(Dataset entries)

....

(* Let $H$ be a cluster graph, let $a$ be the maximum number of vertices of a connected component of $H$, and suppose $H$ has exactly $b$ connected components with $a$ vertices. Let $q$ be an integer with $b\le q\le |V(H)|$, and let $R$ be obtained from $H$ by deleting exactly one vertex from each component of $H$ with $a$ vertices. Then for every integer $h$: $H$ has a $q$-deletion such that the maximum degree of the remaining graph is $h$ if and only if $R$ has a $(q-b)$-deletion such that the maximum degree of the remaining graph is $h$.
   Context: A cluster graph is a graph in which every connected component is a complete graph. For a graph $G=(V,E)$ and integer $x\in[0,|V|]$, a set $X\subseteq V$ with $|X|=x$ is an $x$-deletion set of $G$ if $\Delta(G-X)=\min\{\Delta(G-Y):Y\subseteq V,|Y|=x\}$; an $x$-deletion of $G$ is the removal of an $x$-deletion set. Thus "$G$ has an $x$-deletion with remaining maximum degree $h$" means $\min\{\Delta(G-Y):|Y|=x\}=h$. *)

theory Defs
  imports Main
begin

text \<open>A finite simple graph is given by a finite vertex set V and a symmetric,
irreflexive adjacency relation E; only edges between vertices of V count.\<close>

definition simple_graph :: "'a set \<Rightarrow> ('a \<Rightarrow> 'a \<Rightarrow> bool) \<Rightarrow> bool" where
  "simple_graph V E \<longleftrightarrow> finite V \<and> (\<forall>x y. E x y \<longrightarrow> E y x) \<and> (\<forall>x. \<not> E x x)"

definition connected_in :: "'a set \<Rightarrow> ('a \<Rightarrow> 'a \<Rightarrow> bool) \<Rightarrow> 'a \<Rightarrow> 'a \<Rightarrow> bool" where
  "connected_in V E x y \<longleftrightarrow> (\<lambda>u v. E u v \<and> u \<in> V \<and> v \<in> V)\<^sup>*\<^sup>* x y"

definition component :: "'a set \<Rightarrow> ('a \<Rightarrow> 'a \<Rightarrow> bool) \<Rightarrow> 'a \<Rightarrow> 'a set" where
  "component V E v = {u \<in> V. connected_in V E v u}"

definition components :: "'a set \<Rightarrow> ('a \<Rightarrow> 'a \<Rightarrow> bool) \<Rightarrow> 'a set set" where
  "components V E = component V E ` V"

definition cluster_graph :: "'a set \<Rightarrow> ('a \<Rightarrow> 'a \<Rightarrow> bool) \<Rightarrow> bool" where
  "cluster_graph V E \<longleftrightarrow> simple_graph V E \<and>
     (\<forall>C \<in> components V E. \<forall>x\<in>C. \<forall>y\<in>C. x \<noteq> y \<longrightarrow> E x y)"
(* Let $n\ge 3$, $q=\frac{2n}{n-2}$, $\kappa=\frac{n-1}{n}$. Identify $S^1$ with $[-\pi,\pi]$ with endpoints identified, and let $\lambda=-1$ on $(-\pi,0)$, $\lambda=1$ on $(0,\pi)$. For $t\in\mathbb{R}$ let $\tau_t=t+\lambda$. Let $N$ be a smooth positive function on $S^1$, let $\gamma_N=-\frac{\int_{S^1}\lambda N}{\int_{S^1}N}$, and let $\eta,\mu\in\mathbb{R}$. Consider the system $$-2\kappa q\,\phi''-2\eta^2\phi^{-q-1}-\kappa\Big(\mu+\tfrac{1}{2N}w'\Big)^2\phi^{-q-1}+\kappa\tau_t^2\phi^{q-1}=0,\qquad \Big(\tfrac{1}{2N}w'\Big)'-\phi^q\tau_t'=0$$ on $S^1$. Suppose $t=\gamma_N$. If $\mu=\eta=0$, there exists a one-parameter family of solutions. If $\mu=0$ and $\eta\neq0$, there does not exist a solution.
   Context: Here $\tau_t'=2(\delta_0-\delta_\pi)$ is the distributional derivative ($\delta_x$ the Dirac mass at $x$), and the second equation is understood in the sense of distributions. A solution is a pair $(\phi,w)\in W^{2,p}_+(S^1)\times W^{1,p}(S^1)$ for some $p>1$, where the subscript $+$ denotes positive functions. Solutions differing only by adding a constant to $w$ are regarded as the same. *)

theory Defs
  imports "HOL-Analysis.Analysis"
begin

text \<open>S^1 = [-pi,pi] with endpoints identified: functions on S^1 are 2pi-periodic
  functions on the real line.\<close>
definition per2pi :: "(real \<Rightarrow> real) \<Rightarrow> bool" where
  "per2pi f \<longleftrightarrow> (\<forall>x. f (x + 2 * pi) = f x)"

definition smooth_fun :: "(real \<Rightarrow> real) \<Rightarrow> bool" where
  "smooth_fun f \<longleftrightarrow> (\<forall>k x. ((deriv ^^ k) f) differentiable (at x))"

....

* _INSTRUCTIONS FOR THE TASK_: Look above for the line holding "text \<open>S^1 = [-pi,pi]", then set down exactly that line and every line after it up to and including the line holding "f \<longleftrightarrow> (\<forall>x.", with nothing else.

* _ANSWER SECTION_:
text \<open>S^1 = [-pi,pi] with endpoints identified: functions on S^1 are 2pi-periodic
  functions on the real line.\<close>
definition per2pi :: "(real \<Rightarrow> real) \<Rightarrow> bool" where
  "per2pi f \<longleftrightarrow> (\<forall>x. f (x + 2 * pi) = f x)"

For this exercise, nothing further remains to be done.